Lesson 6: Fostering Connection and Collaboration Through Convenings Is Key to Sustaining and Growing Intersectional Work - Proteus Fund

The RISE Together Fund (RTF) is celebrating 10 years of grantmaking in 2019!  Throughout 2019 we are sharing 10 lessons on what we’ve learned over the course of 10 years.

By Amardeep Singh (Senior Program Officer, Equality Team, at the Open Society Foundations) and Claire Downing (Program Officer, RISE Together Fund)

RISE Together Fund grantees and staff at our spring 2019 grantee convening in Washington, D.C.

“We realized that we didn’t need to build a movement; the movement was already there.

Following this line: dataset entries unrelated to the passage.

lemma cot_pi_half_plus_imaginary:
  fixes y :: real
  shows "cot (complex_of_real pi * (complex_of_real (1/2) + \<i> * complex_of_real y))
       = - \<i> * complex_of_real (tanh (pi * y))"
proof -
  define E where "E = exp (pi * y)"
  have pi_z: "complex_of_real pi * (complex_of_real (1/2) + \<i> * complex_of_real y)
      = complex_of_real (pi / 2) + \<i> * complex_of_real (pi * y)"
    by (simp add: algebra_simps)
  have sin_eq: "sin (complex_of_real (pi / 2) + \<i> * complex_of_real (pi * y)) = complex_of_real ((E + inverse E) / 2)"
    unfolding sin_add cos_of_real sin_of_real E_def cosh_real by simp
  have cos_eq: "cos (complex_of_real (pi / 2) + \<i> * complex_of_real (pi * y)) = - (\<i> * complex_of_real ((E - inverse E) / 2))"
    unfolding cos_add cos_of_real sin_of_real E_def sin_i_times
    by (simp add: exp_of_real flip: of_real_mult)
  have halves: "- (\<i> * complex_of_real (A / 2)) / complex_of_real (B / 2) = - \<i> * complex_of_real (A / B)"
    for A B :: real by (simp add: of_real_divide)
  have "tanh (pi * y) = (E - inverse E) / (E + inverse E)"
    by (simp add: tanh_altdef E_def exp_minus)
  then show ?thesis
    unfolding pi_z cot_def sin_eq cos_eq halves by simp
qed

text \<open>The reflection formula at \<open>z = 1/2 + i y\<close>, written as a series via the defining
  series of \<open>\<psi>\<close>.\<close>

lemma tanh_partial_fractions:
  fixes y :: real
  shows "(\<lambda>k. 2 * y / ((real k + 1/2)\<^sup>2 + y\<^sup>2)) sums (pi * tanh (pi * y))"
proof -
  define z where "z = complex_of_real (1/2) + \<i> * complex_of_real y"
  have z_not_int: "z \<notin> \<int>"
  proof
    assume "z \<in> \<int>"
    then obtain n :: int where "z = of_int n" by (auto elim: Ints_cases)
    then have "real_of_int (2 * n) = 1" by (simp add: z_def complex_eq_iff)
    then show False by (simp only: of_int_eq_1_iff) presburger
  qed
  have "z \<noteq> 0" "1 - z \<noteq> 0"
    by (simp_all add: z_def complex_eq_iff)
  moreover have "inverse (z + of_nat k) - inverse ((1 - z) + of_nat k)
      = - \<i> * complex_of_real (2 * y / ((real k + 1/2)\<^sup>2 + y\<^sup>2))" for k
  proof -
    have "(real k + 1/2)\<^sup>2 + y\<^sup>2 > 0" by (simp add: add_pos_nonneg)
    then show ?thesis
      by (simp add: complex_eq_iff z_def inverse_eq_divide Re_divide Im_divide power2_eq_square field_simps)
  qed
  ultimately have "(\<lambda>k. - \<i> * complex_of_real (2 * y / ((real k + 1/2)\<^sup>2 + y\<^sup>2)))
      sums (- \<i> * complex_of_real (pi * tanh (pi * y)))"
    using Digamma_diff_sums[of z "1 - z"] Digamma_reflection_cot[OF z_not_int]
    unfolding z_def cot_pi_half_plus_imaginary by (simp add: mult.left_commute)
  then have "(\<lambda>k. \<i> * (- \<i> * complex_of_real (2 * y / ((real k + 1/2)\<^sup>2 + y\<^sup>2))))
      sums (\<i> * (- \<i> * complex_of_real (pi * tanh (pi * y))))"
    by (rule sums_mult)
  then have "(\<lambda>k. complex_of_real (2 * y / ((real k + 1/2)\<^sup>2 + y\<^sup>2)))
      sums complex_of_real (pi * tanh (pi * y))"
    by simp
  then show ?thesis by (simp only: sums_of_real_iff)
qed

lemma tanh_odd_partial_fractions:
  fixes m s :: real assumes m: "m > 0"
  shows "(\<lambda>j. s * (m / ((real (2 * j + 1) * m)\<^sup>2 + s\<^sup>2))) sums (pi / 4 * tanh (pi / (2 * m) * s))"
proof -
  have "(\<lambda>k. 1 / 4 * (2 * (s / (2 * m)) / ((real k + 1/2)\<^sup>2 + (s / (2 * m))\<^sup>2)))
      sums (1 / 4 * (pi * tanh (pi * (s / (2 * m)))))"
    by (intro sums_mult tanh_partial_fractions)
  moreover have "1 / 4 * (2 * (s / (2 * m)) / ((real k + 1/2)\<^sup>2 + (s / (2 * m))\<^sup>2))
      = s * (m / ((real (2 * k + 1) * m)\<^sup>2 + s\<^sup>2))" for k
  proof -
    have "(real (2 * k + 1) * m)\<^sup>2 + s\<^sup>2 = 4 * m\<^sup>2 * ((real k + 1/2)\<^sup>2 + (s / (2 * m))\<^sup>2)"
      using m by (simp add: field_simps power2_eq_square)
    moreover have "(real k + 1/2)\<^sup>2 + (s / (2 * m))\<^sup>2 > 0"
      by (simp add: add_pos_nonneg)
    ultimately show ?thesis
      using m by (simp add: field_simps power2_eq_square)
  qed
  moreover have "1 / 4 * (pi * tanh (pi * (s / (2 * m)))) = pi / 4 * tanh (pi / (2 * m) * s)"
    by simp
  ultimately show ?thesis by simp
qed

lemma geometric_pair_sums:
  fixes q :: real assumes q: "\<bar>q\<bar> < 1"
  shows "(\<lambda>n. q ^ (2 * n + 1) - q ^ (2 * n + 2)) sums (q / (1 + q))"
proof -
  have q2: "q\<^sup>2 < 1" using q by (simp add: abs_square_less_1)
  then have "norm (q\<^sup>2) < 1" by simp
  then have "(\<lambda>n. (q - q\<^sup>2) * (q\<^sup>2) ^ n) sums ((q - q\<^sup>2) * (1 / (1 - q\<^sup>2)))"
    by (intro sums_mult geometric_sums)
  moreover have "(q - q\<^sup>2) * (q\<^sup>2) ^ n = q ^ (2 * n + 1) - q ^ (2 * n + 2)" for n
  proof -
    have "(q\<^sup>2) ^ n = q ^ (2 * n)" by (simp add: power_mult)
    then show ?thesis by (simp add: power_add algebra_simps power2_eq_square)
  qed
  moreover have "(q - q\<^sup>2) * (1 / (1 - q\<^sup>2)) = q / (1 + q)"
  proof -
    have "1 - q * q \<noteq> 0" "1 + q \<noteq> 0" using q q2 by (auto simp: power2_eq_square)
    then show ?thesis by (simp add: field_simps power2_eq_square)
  qed
  ultimately show ?thesis by simp
qed
text \<open>Criticality in the flat chart: every face is a Euclidean rhombus of side
  delta whose diagonals (x,x') and (y,y') are orthogonal and form a direct basis.\<close>
definition critical_region :: "'v set \<Rightarrow> 'v face set \<Rightarrow> ('v \<Rightarrow> complex) \<Rightarrow> real \<Rightarrow> bool" where
  "critical_region B F Z \<delta> \<longleftrightarrow> \<delta> > 0 \<and>
     (\<forall>(x, y, x', y') \<in> F. x \<in> B \<and> x' \<in> B \<and> y \<notin> B \<and> y' \<notin> B \<and>
        cmod (Z y - Z x) = \<delta> \<and> cmod (Z x' - Z y) = \<delta> \<and>
        cmod (Z y' - Z x') = \<delta> \<and> cmod (Z x - Z y') = \<delta> \<and>
        Z x' \<noteq> Z x \<and> (\<exists>t>0. Z y' - Z y = \<i> * complex_of_real t * (Z x' - Z x)))"

definition face_rho :: "('v \<Rightarrow> complex) \<Rightarrow> 'v face \<Rightarrow> real" where
  "face_rho Z \<phi> = (case \<phi> of (x, y, x', y') \<Rightarrow> cmod (Z y' - Z y) / cmod (Z x' - Z x))"

definition discrete_holomorphic :: "'v face set \<Rightarrow> ('v \<Rightarrow> complex) \<Rightarrow> ('v \<Rightarrow> complex) \<Rightarrow> bool" where
  "discrete_holomorphic F Z f \<longleftrightarrow>
     (\<forall>(x, y, x', y') \<in> F.
        f y' - f y = \<i> * complex_of_real (face_rho Z (x, y, x', y')) * (f x' - f x))"

definition eps :: "'v set \<Rightarrow> 'v \<Rightarrow> complex" where
  "eps B v = (if v \<in> B then 1 else -1)"

definition dagger :: "'v set \<Rightarrow> ('v \<Rightarrow> complex) \<Rightarrow> 'v \<Rightarrow> complex" where
  "dagger B f v = eps B v * cnj (f v)"

definition walk_integral :: "('v \<Rightarrow> complex) \<Rightarrow> ('v \<Rightarrow> complex) \<Rightarrow> 'v list \<Rightarrow> complex" where
  "walk_integral Z g w =
     (\<Sum>i < length w - 1. (g (w ! i) + g (w ! Suc i)) / 2 * (Z (w ! Suc i) - Z (w ! i)))"

definition dderiv :: "'v set \<Rightarrow> 'v face set \<Rightarrow> ('v \<Rightarrow> complex) \<Rightarrow> real \<Rightarrow> 'v
                       \<Rightarrow> ('v \<Rightarrow> complex) \<Rightarrow> 'v \<Rightarrow> complex" where
  "dderiv B F Z \<delta> z0 f =
     (\<lambda>z. complex_of_real (4 / \<delta>\<^sup>2) *
        dagger B (\<lambda>z'. walk_integral Z (dagger B f)
           (SOME w. is_walk (diamond_edges F) w \<and> hd w = z0 \<and> last w = z')) z)"

end

theory Submission
  imports Defs
begin

text \<open>The 1-form \<open>f\<^sup>\<dagger> dZ\<close> is closed: on each rhombus its integral is
  \<open>((g x' - g x)(Z y' - Z y) - (g y' - g y)(Z x' - Z x))/2\<close> with \<open>g = f\<^sup>\<dagger>\<close>, and
  conjugating the discrete Cauchy-Riemann equation, using \<open>\<epsilon> = -1\<close> on dual vertices, shows
  that this vanishes. Since every closed walk in U is a product of backtracks and face loops,
  integrals along walks from \<open>z\<^sub>0\<close> define a primitive G of \<open>f\<^sup>\<dagger> dZ\<close>. Along a diamond edge
  (a,b) the endpoints have opposite type, so \<open>G\<^sup>\<dagger> a + G\<^sup>\<dagger> b = \<epsilon>(a) cnj (G a - G b)\<close>, and
  conjugating \<open>G b - G a = (g a + g b)/2 (Z b - Z a)\<close> yields
  \<open>(f' a + f' b)/2 (Z b - Z a) = (f b - f a) |Z b - Z a|\<^sup>2 / \<delta>\<^sup>2 = f b - f a\<close>.\<close>

lemma walk_integral_Nil [simp]: "walk_integral Z g [] = 0"
  by (simp add: walk_integral_def)

lemma walk_integral_singleton [simp]: "walk_integral Z g [a] = 0"
  by (simp add: walk_integral_def)

lemma walk_integral_Cons_Cons [simp]:
  "walk_integral Z g (a # b # w) = (g a + g b) / 2 * (Z b - Z a) + walk_integral Z g (b # w)"
proof -
  have "length (a # b # w) - 1 = Suc (length (b # w) - 1)" by simp
  then show ?thesis unfolding walk_integral_def by (simp only: sum.lessThan_Suc_shift) simp
qed

lemma walk_integral_append_Cons:
  "walk_integral Z g (xs @ a # ys) = walk_integral Z g (xs @ [a]) + walk_integral Z g (a # ys)"
  by (induction xs rule: induct_list012) auto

But we did have an opportunity to help shape and amplify the work of those dedicated to accelerating new ways of thinking about global social progress.” (Sarah Zak Borgman, Skoll World Forum on Social Entrepreneurship, “The Power of Convening for Social Impact”)

As communities of color, immigrant communities, and other marginalized populations face unrelenting policy attacks and public vitriol, there is a growing need to foster intra- and inter-community solidarity within and across social and racial justice movements. The RISE Together Fund (RTF), through our annual grantee convenings and our partnership with the Open Society Foundations (OSF), has dedicated funding to support Muslim, Arab, and South Asian (MASA) communities to convene, collaborate, and build solidarity with other frontline activists both within and outside MASA communities. Read more below about how the RTF-OSF partnership, and RTF’s regular convening of our grantees, have fostered a stronger and more connected MASA field and encouraged creative, collaborative work across movements and organizations.

Case Study 1: Cross-Movement Collaboration Through the OSF-RTF Advocate Travel and Convening Fund

Since 2015, the RTF-OSF Advocate Travel and Convening Fund (“Convening Fund”) has made over $175,000 in grants to RTF and OSF grantees solely dedicated to funding grantee self-organized convenings that connect activists across movements within and outside the MASA community. Grantees have told us that they cannot get this funding from any other sources in philanthropy. Here are three lessons we’ve learned from our shared work on the Convening Fund:

Lesson 1: Provide Funding to Support Grantees’ – Not Funders’ – Priorities

RTF and the OSF team started the Convening Fund in 2015 to help activists and organizations working in or with MASA communities get access to funding that was not tied to a funder’s agenda or did not make attendees feel like they had to show up to a funder-led event in order to get or sustain funding. The Convening Fund flips the funder-grantee power dynamic on its head and says, “how do you, the frontline activists, want to convene? What work do you want to accomplish, and with whom? Let us funders support you in choosing how you want to be in space with each other.”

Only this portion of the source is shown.